Shigekazu Shimazaki: Leading the Second Wave

May 30, 2018

In September of 1941, 33-year-old Lt. Cmdr. Shigekazu Shimazaki was assigned to be the equipping officer of the aircraft carrier Zuikaku, which had been commissioned into the Imperial Japanese Navy just days prior. It was in this capacity that he and his ship, together with the rest of Japan's First Air Fleet, set sail towards the American naval base at Pearl Harbor. Shimazaki wouldn’t just be a participant in the planned attack, he would lead a portion of it.

While Mitsuo Fuchida led the first wave of fighters and bombers that launched on the morning of December 7, 1941, Shimazaki waited patiently for his turn. At the helm of a Nakajima B5N2 “Kate” bomber, the minutes ticked by as the moment neared when he’d be cleared to take off and launch the second attack wave against Pearl Harbor.
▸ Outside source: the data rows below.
(* Let $S$ be a finite poset whose Hasse graph $\Gamma(S)$ is the path $A_n$. Then $S$ is either a chain or a wattle if and only if every connected component of the induced subgraph of $\Gamma(S)$ on $S^\times$ has an even number of vertices.
   Context: $\Gamma(S)$: vertices $S$, edge between $s,s'$ when one covers the other. $S^\times$ is the set of junction points of $S$: elements covering at least two elements of $S$ or covered by at least two elements of $S$. A wattle is a poset that is a disjoint union of chains $Z_1,\dots,Z_t$ ($t\ge2$, $|Z_i|\ge2$) where for $i=1,\dots,t-1$ the minimal element of $Z_i$ is less than the maximal element of $Z_{i+1}$, with no other comparabilities between elements of different chains. *)

theory Defs
  imports Main
begin

text \<open>A finite poset is represented as a finite subset S of a type with a partial order,
  carrying the induced order.\<close>

definition covers_in :: "'a::order set \<Rightarrow> 'a \<Rightarrow> 'a \<Rightarrow> bool" where
  "covers_in S x y \<longleftrightarrow> x \<in> S \<and> y \<in> S \<and> x < y \<and> \<not> (\<exists>z\<in>S. x < z \<and> z < y)"

definition hasse_adj :: "'a::order set \<Rightarrow> 'a \<Rightarrow> 'a \<Rightarrow> bool" where
  "hasse_adj S x y \<longleftrightarrow> covers_in S x y \<or> covers_in S y x"

definition hasse_is_path :: "'a::order set \<Rightarrow> bool" where
  "hasse_is_path S \<longleftrightarrow> (\<exists>v. bij_betw v {0..<card S} S \<and>
      (\<forall>i<card S. \<forall>j<card S. hasse_adj S (v i) (v j) \<longleftrightarrow> (i = Suc j \<or> j = Suc i)))"

definition junctions :: "'a::order set \<Rightarrow> 'a set" where
  "junctions S = {s \<in> S. 2 \<le> card {x \<in> S. covers_in S x s} \<or> 2 \<le> card {y \<in> S. covers_in S s y}}"

definition induced_components :: "'a::order set \<Rightarrow> 'a set \<Rightarrow> 'a set set" where
  "induced_components S J =
     (\<lambda>x. {y \<in> J. (\<lambda>a b. a \<in> J \<and> b \<in> J \<and> hasse_adj S a b)\<^sup>*\<^sup>* x y}) ` J"

definition is_chain_set :: "'a::order set \<Rightarrow> bool" where
  "is_chain_set Z \<longleftrightarrow> (\<forall>x\<in>Z. \<forall>y\<in>Z. x \<le> y \<or> y \<le> x)"

definition is_wattle :: "'a::order set \<Rightarrow> bool" where
  "is_wattle S \<longleftrightarrow> (\<exists>t Z. 2 \<le> t \<and>
      (\<forall>i<t. Z i \<subseteq> S \<and> is_chain_set (Z i) \<and> finite (Z i) \<and> 2 \<le> card (Z i)) \<and>
      (\<forall>i<t. \<forall>j<t. i \<noteq> j \<longrightarrow> Z i \<inter> Z j = {}) \<and>
      (\<Union>i<t. Z i) = S \<and>
      (\<forall>i<t. \<forall>j<t. i \<noteq> j \<longrightarrow> (\<forall>x\<in>Z i. \<forall>y\<in>Z j.
          x < y \<longleftrightarrow> (j = Suc i \<and> (\<forall>z\<in>Z i. x \<le> z) \<and> (\<forall>z\<in>Z j. z \<le> y)))))"

end

theory Submission
  imports Defs "HOL-Library.Z2" "HOL-Library.Disjoint_Sets"
begin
And when he did launch, he did so with more than 50 high-level bombers and 78 dive bombers behind him.

Prior to the Second World War, Shimazaki had also fought in the Second Sino-Japanese War. In 1938, he transferred to the aircraft carrier Soryu. He later saw action aboard Akagi. Within a year, he was promoted to lieutenant commander, leading to his role in the Pearl Harbor attack at the end of 1941.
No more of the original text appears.